── Provided material

lemma tok_flag_01: "tok i 0 = 0 \<or> tok i 0 = 1"
  by (simp add: tok_flag)

definition st0 :: "nat \<Rightarrow> nat \<Rightarrow> real" where
  "st0 i = layout (tok i) empty_block empty_block empty_block empty_block empty_block
    (if i = 0 then 1 else 0) 0 0 0 0"

definition st1 :: "nat \<Rightarrow> nat \<Rightarrow> real" where
  "st1 i = layout (tok i) empty_block empty_block empty_block empty_block empty_block
    (if i = 0 then 1 else 0) 1 (inv_succ i) 0 0"

lemma input_states: "vec_of dm (slot c_start 1) # map (\<lambda>a. pad dm (enc a)) w = states n st0"
proof (rule nth_equalityI)
  fix i
  assume "i < length (vec_of dm (slot c_start 1) # map (\<lambda>a. pad dm (enc a)) w)"
  then have i: "i < n"
    by (simp add: n_def)
  show "(vec_of dm (slot c_start 1) # map (\<lambda>a. pad dm (enc a)) w) ! i = states n st0 ! i"
  proof (cases i)
    case 0
    then show ?thesis
      using i by (auto simp: st0_def layout_def block_def slot_def intro!: vec_of_cong)
  next
    case (Suc k)
    then have k: "k < N" "length (enc (w ! k)) = D"
      using i length_enc by (simp_all add: n_def)
    have "pad dm (enc (w ! k)) = vec_of dm (st0 (Suc k))"
      using k by (intro nth_equalityI)
        (auto simp: pad_def nth_append dm_def st0_def layout_def block_def slot_def tok_def tok_vec_def)
    then show ?thesis
      using Suc i k by simp
  qed
qed (simp add: n_def)

lemma apply_layer1: "apply_layer layer_position (states n st0) = states n st1"
proof (subst apply_layer_position)
  show "\<And>i. st0 i c_start = (if i = 0 then 1 else 0)"
    by (simp add: st0_def)
  show "states n (\<lambda>i k. st0 i k + slot c_pos (inv_succ i) k + slot c_one 1 k) = states n st1"
    by (intro map_cong refl vec_of_cong) (simp add: st0_def st1_def layout_def)
qed

definition st2 :: "nat \<Rightarrow> nat \<Rightarrow> real" where
  "st2 i = layout (tok i) empty_block empty_block empty_block empty_block empty_block
    (if i = 0 then 1 else 0) 1 (inv_succ i) (inv_succ (cyclic_succ n i)) (if cyclic_succ n i = 0 then 1 else 0)"

lemma apply_layer2: "apply_layer layer_successor (states n st1) = states n st2"
  unfolding layer_successor_def
proof (rule apply_layer_single_target[OF head_successor_def])
  show "argmax_set head_successor (states n st1) p = {cyclic_succ n p}" if "p < n" for p
    using that by (rule argmax_head_successor) (simp_all add: st1_def)
qed (simp_all add: cyclic_succ_less n_def sum_linear_simps st1_def st2_def, simp add: layout_def)

definition st3 :: "nat \<Rightarrow> nat \<Rightarrow> real" where
  "st3 i = layout (tok i) (tok (i - 1)) empty_block empty_block empty_block empty_block
    (if i = 0 then 1 else 0) 1 (inv_succ i) (inv_succ (cyclic_succ n i)) (if cyclic_succ n i = 0 then 1 else 0)"

lemma apply_layer3: "apply_layer left_layer3 (states n st2) = states n st3"
  unfolding left_layer3_def
proof (rule apply_layer_single_target[OF head_prev_def])
  show "argmax_set (head_prev (copy_block 0 1)) (states n st2) p = {p - 1}" if "p < n" for p
    using that by (rule argmax_head_prev) (simp_all add: st2_def)
qed (simp_all add: st2_def st3_def, simp add: layout_def)

text \<open>Layer 3 stores the token of position \<open>j - 1\<close> at \<open>j\<close>, so \<open>marked_left i - 1\<close> is the position
  of the nearest token strictly left of \<open>i\<close> that is not \<open>None\<close>.\<close>

definition marked_left :: "nat \<Rightarrow> nat" where
  "marked_left = last_marked (\<lambda>j. tok (j - 1) 0)"

definition left_near :: "nat \<Rightarrow> nat \<Rightarrow> real" where
  "left_near i = tok (marked_left i - 1)"

definition left_second :: "nat \<Rightarrow> nat \<Rightarrow> real" where
  "left_second i = left_near (marked_left i - 1)"

lemma marked_left_less: "p < n \<Longrightarrow> marked_left p < n"
  using last_marked_le[of "\<lambda>j. tok (j - 1) 0" p] unfolding marked_left_def by linarith

definition st4 :: "nat \<Rightarrow> nat \<Rightarrow> real" where
  "st4 i = layout (tok i) (tok (i - 1)) (left_near i) empty_block empty_block empty_block
    (if i = 0 then 1 else 0) 1 (inv_succ i) (inv_succ (cyclic_succ n i)) (if cyclic_succ n i = 0 then 1 else 0)"

lemma apply_layer4: "apply_layer left_layer4 (states n st3) = states n st4"
  unfolding left_layer4_def
proof (rule apply_layer_single_target[OF head_last_marked_def])
  show "argmax_set (head_last_marked (copy_block 1 2)) (states n st3) p = {marked_left p}" if "p < n" for p
    using argmax_head_last_marked[OF that, of st3] tok_flag_01 by (simp add: st3_def marked_left_def)
qed (simp_all add: marked_left_less st3_def st4_def left_near_def, simp add: layout_def)

definition st5 :: "nat \<Rightarrow> nat \<Rightarrow> real" where
  "st5 i = layout (tok i) (tok (i - 1)) (left_near i) (left_near (i - 1)) empty_block empty_block
    (if i = 0 then 1 else 0) 1 (inv_succ i) (inv_succ (cyclic_succ n i)) (if cyclic_succ n i = 0 then 1 else 0)"

lemma apply_layer5: "apply_layer left_layer5 (states n st4) = states n st5"
  unfolding left_layer5_def
proof (rule apply_layer_single_target[OF head_prev_def])
  show "argmax_set (head_prev (copy_block 2 3)) (states n st4) p = {p - 1}" if "p < n" for p
    using that by (rule argmax_head_prev) (simp_all add: st4_def)
qed (simp_all add: st4_def st5_def, simp add: layout_def)

definition st6 :: "nat \<Rightarrow> nat \<Rightarrow> real" where
  "st6 i = layout (left_near i) (left_second i) empty_block empty_block empty_block empty_block 0 0 0 0 0"

lemma apply_layer6: "apply_layer left_layer6 (states n st5) = states n st6"
  unfolding left_layer6_def
proof (rule apply_layer_single_target[OF head_last_marked_def])
  show "argmax_set (head_last_marked (\<lambda>r j. copy_block 1 4 r j + copy_block 3 5 r j)) (states n st5) p
      = {marked_left p}" if "p < n" for p
    using argmax_head_last_marked[OF that, of st5] tok_flag_01 by (simp add: st5_def marked_left_def)
  show "marked_left p < n" if "p < n" for p
    using that by (rule marked_left_less)
next
  fix i k
  assume "k < dm"
  define gathered where "gathered = layout (tok i) (tok (i - 1)) (left_near i) (left_near (i - 1))
    (left_near i) (left_second i) (if i = 0 then 1 else 0) 1 (inv_succ i) (inv_succ (cyclic_succ n i))
    (if cyclic_succ n i = 0 then 1 else 0)"
  have "st5 i j + (\<Sum>l<dm. (copy_block 1 4 j l + copy_block 3 5 j l) * st5 (marked_left i) l) = gathered j" for j
    by (simp add: sum_linear_simps st5_def gathered_def left_near_def left_second_def) (simp add: layout_def)
  then show "(\<Sum>j<dm. output_map k j * (st5 i j
      + (\<Sum>l<dm. (copy_block 1 4 j l + copy_block 3 5 j l) * st5 (marked_left i) l))) = st6 i k"
    by (simp add: output_map_def sum_linear_simps gathered_def st6_def) (simp add: layout_def)
qed

definition marked_right :: "nat \<Rightarrow> nat" where
  "marked_right = next_marked (\<lambda>j. tok j 0) n"

definition right_near :: "nat \<Rightarrow> nat \<Rightarrow> real" where
  "right_near i = tok (marked_right i)"

definition right_second :: "nat \<Rightarrow> nat \<Rightarrow> real" where
  "right_second i = right_near (marked_right i)"

lemma marked_right_0 [simp]: "marked_right 0 = 0"
  by (simp add: marked_right_def next_marked_def)

lemma marked_right_less: "marked_right p < n"
  by (simp add: marked_right_def next_marked_less n_def)

lemma argmax_head_next_marked_tok:
  assumes "p < n" "\<And>i. st i c_pos = inv_succ i" "\<And>i. st i c_one = 1"
    "\<And>i. st i c_start = (if i = 0 then 1 else 0)" "\<And>i. st i 0 = tok i 0"
  shows "argmax_set (head_next_marked V) (states n st) p = {marked_right p}"
  using argmax_head_next_marked[of p n st] assms tok_flag_01 by (simp add: marked_right_def)

definition right_st2 :: "nat \<Rightarrow> nat \<Rightarrow> real" where
  "right_st2 i = layout (tok i) empty_block (right_near i) empty_block empty_block empty_block
    (if i = 0 then 1 else 0) 1 (inv_succ i) 0 0"

lemma apply_right_layer2: "apply_layer right_layer2 (states n st1) = states n right_st2"
  unfolding right_layer2_def
proof (rule apply_layer_single_target[OF head_next_marked_def])
  show "argmax_set (head_next_marked (copy_block 0 2)) (states n st1) p = {marked_right p}" if "p < n" for p
    using that by (rule argmax_head_next_marked_tok) (simp_all add: st1_def)
qed (simp_all add: marked_right_less st1_def right_st2_def right_near_def, simp add: layout_def)

definition right_st3 :: "nat \<Rightarrow> nat \<Rightarrow> real" where
  "right_st3 i = layout (right_near i) (right_second i) empty_block empty_block empty_block empty_block
    0 0 0 0 0"

lemma apply_right_layer3: "apply_layer right_layer3 (states n right_st2) = states n right_st3"
  unfolding right_layer3_def
proof (rule apply_layer_single_target[OF head_next_marked_def])
  show "argmax_set (head_next_marked (\<lambda>r j. copy_block 0 4 r j + copy_block 2 5 r j)) (states n right_st2) p
      = {marked_right p}" if "p < n" for p
    using that by (rule argmax_head_next_marked_tok) (simp_all add: right_st2_def)
  show "marked_right p < n" for p
    by (rule marked_right_less)
next
  fix i k
  assume "k < dm"
  define gathered where "gathered = layout (tok i) empty_block (right_near i) empty_block
    (right_near i) (right_second i) (if i = 0 then 1 else 0) 1 (inv_succ i) 0 0"
  have "right_st2 i j + (\<Sum>l<dm. (copy_block 0 4 j l + copy_block 2 5 j l) * right_st2 (marked_right i) l)
      = gathered j" for j
    by (simp add: sum_linear_simps right_st2_def gathered_def right_near_def right_second_def)
      (simp add: layout_def)
  then show "(\<Sum>j<dm. output_map k j * (right_st2 i j
      + (\<Sum>l<dm. (copy_block 0 4 j l + copy_block 2 5 j l) * right_st2 (marked_right i) l))) = right_st3 i k"
    by (simp add: output_map_def sum_linear_simps gathered_def right_st3_def) (simp add: layout_def)
qed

────

» **Exercise directions**:
If a line of the entries holds the word "open", copy it out.

» **Exercise response**:
text \<open>Layer 3 stores the token of position \<open>j - 1\<close> at \<open>j\<close>, so \<open>marked_left i - 1\<close> is the position
  of the nearest token strictly left of \<open>i\<close> that is not \<open>None\<close>.\<close>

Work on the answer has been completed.